* **WHAT THIS TASK INVOLVES**: The entries are to be output once more, word for word.

(Excerpts from a dataset)
------------------------------------------------

lemma sparse_displaced_sequence:
  assumes "quasi_isometry f" "\<not> qi_equiv f id"
  shows "\<exists>s :: nat \<Rightarrow> real. \<forall>n m. real n \<le> \<bar>f (s n) - s m\<bar>"
proof -
  obtain K B where K: "1 \<le> K" "0 \<le> B"
    and lower: "\<And>x. \<bar>x\<bar> / K - B \<le> \<bar>f x\<bar>" and upper: "\<And>x. \<bar>f x\<bar> \<le> K * \<bar>x\<bar> + B"
    using quasi_isometry_linear_growth[OF assms(1)] by blast
  \<comment> \<open>growing this fast puts \<open>s m\<close> beyond \<open>f (s n)\<close> for \<open>m > n\<close>, and \<open>f (s n)\<close> beyond \<open>s m\<close> for \<open>m < n\<close>\<close>
  have "\<exists>s. \<forall>n. real n \<le> \<bar>f (s n) - s n\<bar> \<and> K * (\<bar>s n\<bar> + B + real n + 1) \<le> \<bar>s (Suc n)\<bar>"
    using displacement_unbounded_far_out[OF assms(2) _ upper] K
    by (intro dependent_nat_choice[where P = "\<lambda>n x. real n \<le> \<bar>f x - x\<bar>"
          and Q = "\<lambda>n x y. K * (\<bar>x\<bar> + B + real n + 1) \<le> \<bar>y\<bar>"]) auto
  then obtain s where displaced: "\<And>n. real n \<le> \<bar>f (s n) - s n\<bar>"
    and sparse: "\<And>n. K * (\<bar>s n\<bar> + B + real n + 1) \<le> \<bar>s (Suc n)\<bar>"
    by blast
  have stretch: "t \<le> K * t" if "0 \<le> t" for t
    using mult_right_mono[OF K(1) that] by simp
  have nonneg: "0 \<le> \<bar>x\<bar> + B + real n + 1" "0 \<le> B + real n + 1" for x n
    using K(2) by simp_all
  have mono: "incseq (\<lambda>n. \<bar>s n\<bar>)"
  proof (rule incseq_SucI)
    show "\<bar>s n\<bar> \<le> \<bar>s (Suc n)\<bar>" for n
      using stretch[OF nonneg(1)[of "s n" n]] sparse[of n] K(2) by linarith
  qed
  have "real n \<le> \<bar>f (s n) - s m\<bar>" for n m
  proof -
    consider "m = n" | "n < m" | "m < n"
      by linarith
    then show ?thesis
    proof cases
      case 1
      with displaced show ?thesis
        by simp
    next
      case 2
      have "K * \<bar>s n\<bar> + B + real n \<le> K * \<bar>s n\<bar> + K * (B + real n + 1)"
        using stretch[OF nonneg(2)[of n]] by simp
      also have "\<dots> = K * (\<bar>s n\<bar> + B + real n + 1)"
        by (simp add: algebra_simps)
      also have "\<dots> \<le> \<bar>s (Suc n)\<bar>"
        by (rule sparse)
      also have "\<dots> \<le> \<bar>s m\<bar>"
        using mono 2 by (simp add: incseq_def)
      finally show ?thesis
        using upper[of "s n"] by linarith
    next
      case 3
      then obtain p where n: "n = Suc p" and "m \<le> p"
        by (cases n) auto
      have "K * (\<bar>s m\<bar> + B + real n) \<le> K * (\<bar>s p\<bar> + B + real p + 1)"
        using mono \<open>m \<le> p\<close> n K by (auto intro!: mult_left_mono simp: incseq_def)
      also have "\<dots> \<le> \<bar>s n\<bar>"
        using sparse[of p] n by simp
      finally have "\<bar>s m\<bar> + B + real n \<le> \<bar>s n\<bar> / K"
        using K by (simp add: field_simps)
      then show ?thesis
        using lower[of "s n"] by linarith
    qed
  qed
  then show ?thesis
    by blast
qed
(* Let $K$ and $K'$ be oriented virtual knot diagrams that are related by a finite sequence of generalized Reidemeister moves. Then $F_K(t,s)=F_{K'}(t,s)$. That is, $F_K(t,s)$ is an invariant of oriented virtual knots.
   Context: Virtual knot diagrams have real and virtual crossings. Generalized Reidemeister moves are the three classical Reidemeister moves, the three purely virtual Reidemeister moves, and the mixed (semi-virtual) third move. The Gauss diagram $G(K)$ of an oriented virtual knot diagram $K$ is built as follows. Take a counterclockwise-oriented circle (the parametrizing circle of the knot). For each real crossing, mark its two preimages and join them by a chord directed from the overcrossing preimage to the undercrossing preimage. Label the chord with the writhe (sign) $w(c)=\pm1$ of the crossing. Real crossings and chords are identified, and $w(K)=\sum_c w(c)$. Two chords intersect if their endpoints interleave on the circle. Let $d$ be a chord intersecting a chord $c$. We say $d$ crosses $c$ from left to right if, viewing $c$ along its direction, the tail of $d$ lies on the left of $c$ and its head on the right. Crossing from right to left is defined in the opposite way. Let $r_1,\dots,r_n$ be the chords crossing $c$ from left to right and $l_1,\dots,l_m$ those crossing $c$ from right to left. The index of $c$ is $\mathrm{Ind}(c)=\sum_i w(r_i)-\sum_j w(l_j)$. Put $N=|\mathrm{Ind}(c)|$. If $N\ge1$, let $\phi:\mathbb{Z}\to\{0,\dots,N-1\}$ be reduction mod $N$; if $N=0$, let $\phi$ be the identity of $\mathbb{Z}$. The index function of $c$ is $$g_c(s)=\sum_i w(r_i)s^{\phi(\mathrm{Ind}(r_i))}-\sum_j w(l_j)s^{\phi(-\mathrm{Ind}(l_j))}\in\mathbb{Z}[s,s^{-1}].$$ It satisfies $g_c(1)=\mathrm{Ind}(c)$. Call Laurent polynomials $p,q\in\mathbb{Z}[s,s^{-1}]$ equivalent if $p(1)=q(1)$ and $p\equiv q \pmod{s^{|p(1)|}-1}$. For $p(1)=0$ this means $p=q$. Write $t^{[p]}$ for the basis element of the free abelian group on equivalence classes. Define $$F_K(t,s)=\sum_{c} w(c)\,t^{[g_c(s)]}-w(K)\,t^{[0]},$$ where the sum runs over all real crossings $c$ of $K$. *)

theory Defs
  imports Main "HOL-Library.Poly_Mapping" "HOL-Library.Multiset"
begin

------------------------------------------------

* **REPLY TO THE EXERCISE**:
lemma sparse_displaced_sequence:
  assumes "quasi_isometry f" "\<not> qi_equiv f id"
  shows "\<exists>s :: nat \<Rightarrow> real. \<forall>n m. real n \<le> \<bar>f (s n) - s m\<bar>"
proof -
  obtain K B where K: "1 \<le> K" "0 \<le> B"
    and lower: "\<And>x. \<bar>x\<bar> / K - B \<le> \<bar>f x\<bar>" and upper: "\<And>x. \<bar>f x\<bar> \<le> K * \<bar>x\<bar> + B"
    using quasi_isometry_linear_growth[OF assms(1)] by blast
  \<comment> \<open>growing this fast puts \<open>s m\<close> beyond \<open>f (s n)\<close> for \<open>m > n\<close>, and \<open>f (s n)\<close> beyond \<open>s m\<close> for \<open>m < n\<close>\<close>
  have "\<exists>s. \<forall>n. real n \<le> \<bar>f (s n) - s n\<bar> \<and> K * (\<bar>s n\<bar> + B + real n + 1) \<le> \<bar>s (Suc n)\<bar>"
    using displacement_unbounded_far_out[OF assms(2) _ upper] K
    by (intro dependent_nat_choice[where P = "\<lambda>n x. real n \<le> \<bar>f x - x\<bar>"
          and Q = "\<lambda>n x y. K * (\<bar>x\<bar> + B + real n + 1) \<le> \<bar>y\<bar>"]) auto
  then obtain s where displaced: "\<And>n. real n \<le> \<bar>f (s n) - s n\<bar>"
    and sparse: "\<And>n. K * (\<bar>s n\<bar> + B + real n + 1) \<le> \<bar>s (Suc n)\<bar>"
    by blast
  have stretch: "t \<le> K * t" if "0 \<le> t" for t
    using mult_right_mono[OF K(1) that] by simp
  have nonneg: "0 \<le> \<bar>x\<bar> + B + real n + 1" "0 \<le> B + real n + 1" for x n
    using K(2) by simp_all
  have mono: "incseq (\<lambda>n. \<bar>s n\<bar>)"
  proof (rule incseq_SucI)
    show "\<bar>s n\<bar> \<le> \<bar>s (Suc n)\<bar>" for n
      using stretch[OF nonneg(1)[of "s n" n]] sparse[of n] K(2) by linarith
  qed
  have "real n \<le> \<bar>f (s n) - s m\<bar>" for n m
  proof -
    consider "m = n" | "n < m" | "m < n"
      by linarith
    then show ?thesis
    proof cases
      case 1
      with displaced show ?thesis
        by simp
    next
      case 2
      have "K * \<bar>s n\<bar> + B + real n \<le> K * \<bar>s n\<bar> + K * (B + real n + 1)"
        using stretch[OF nonneg(2)[of n]] by simp
      also have "\<dots> = K * (\<bar>s n\<bar> + B + real n + 1)"
        by (simp add: algebra_simps)
      also have "\<dots> \<le> \<bar>s (Suc n)\<bar>"
        by (rule sparse)
      also have "\<dots> \<le> \<bar>s m\<bar>"
        using mono 2 by (simp add: incseq_def)
      finally show ?thesis
        using upper[of "s n"] by linarith
    next
      case 3
      then obtain p where n: "n = Suc p" and "m \<le> p"
        by (cases n) auto
      have "K * (\<bar>s m\<bar> + B + real n) \<le> K * (\<bar>s p\<bar> + B + real p + 1)"
        using mono \<open>m \<le> p\<close> n K by (auto intro!: mult_left_mono simp: incseq_def)
      also have "\<dots> \<le> \<bar>s n\<bar>"
        using sparse[of p] n by simp
      finally have "\<bar>s m\<bar> + B + real n \<le> \<bar>s n\<bar> / K"
        using K by (simp add: field_simps)
      then show ?thesis
        using lower[of "s n"] by linarith
    qed
  qed
  then show ?thesis
    by blast
qed
(* Let $K$ and $K'$ be oriented virtual knot diagrams that are related by a finite sequence of generalized Reidemeister moves. Then $F_K(t,s)=F_{K'}(t,s)$. That is, $F_K(t,s)$ is an invariant of oriented virtual knots.
   Context: Virtual knot diagrams have real and virtual crossings. Generalized Reidemeister moves are the three classical Reidemeister moves, the three purely virtual Reidemeister moves, and the mixed (semi-virtual) third move. The Gauss diagram $G(K)$ of an oriented virtual knot diagram $K$ is built as follows. Take a counterclockwise-oriented circle (the parametrizing circle of the knot). For each real crossing, mark its two preimages and join them by a chord directed from the overcrossing preimage to the undercrossing preimage. Label the chord with the writhe (sign) $w(c)=\pm1$ of the crossing. Real crossings and chords are identified, and $w(K)=\sum_c w(c)$. Two chords intersect if their endpoints interleave on the circle. Let $d$ be a chord intersecting a chord $c$. We say $d$ crosses $c$ from left to right if, viewing $c$ along its direction, the tail of $d$ lies on the left of $c$ and its head on the right. Crossing from right to left is defined in the opposite way. Let $r_1,\dots,r_n$ be the chords crossing $c$ from left to right and $l_1,\dots,l_m$ those crossing $c$ from right to left. The index of $c$ is $\mathrm{Ind}(c)=\sum_i w(r_i)-\sum_j w(l_j)$. Put $N=|\mathrm{Ind}(c)|$. If $N\ge1$, let $\phi:\mathbb{Z}\to\{0,\dots,N-1\}$ be reduction mod $N$; if $N=0$, let $\phi$ be the identity of $\mathbb{Z}$. The index function of $c$ is $$g_c(s)=\sum_i w(r_i)s^{\phi(\mathrm{Ind}(r_i))}-\sum_j w(l_j)s^{\phi(-\mathrm{Ind}(l_j))}\in\mathbb{Z}[s,s^{-1}].$$ It satisfies $g_c(1)=\mathrm{Ind}(c)$. Call Laurent polynomials $p,q\in\mathbb{Z}[s,s^{-1}]$ equivalent if $p(1)=q(1)$ and $p\equiv q \pmod{s^{|p(1)|}-1}$. For $p(1)=0$ this means $p=q$. Write $t^{[p]}$ for the basis element of the free abelian group on equivalence classes. Define $$F_K(t,s)=\sum_{c} w(c)\,t^{[g_c(s)]}-w(K)\,t^{[0]},$$ where the sum runs over all real crossings $c$ of $K$. *)

theory Defs
  imports Main "HOL-Library.Poly_Mapping" "HOL-Library.Multiset"
begin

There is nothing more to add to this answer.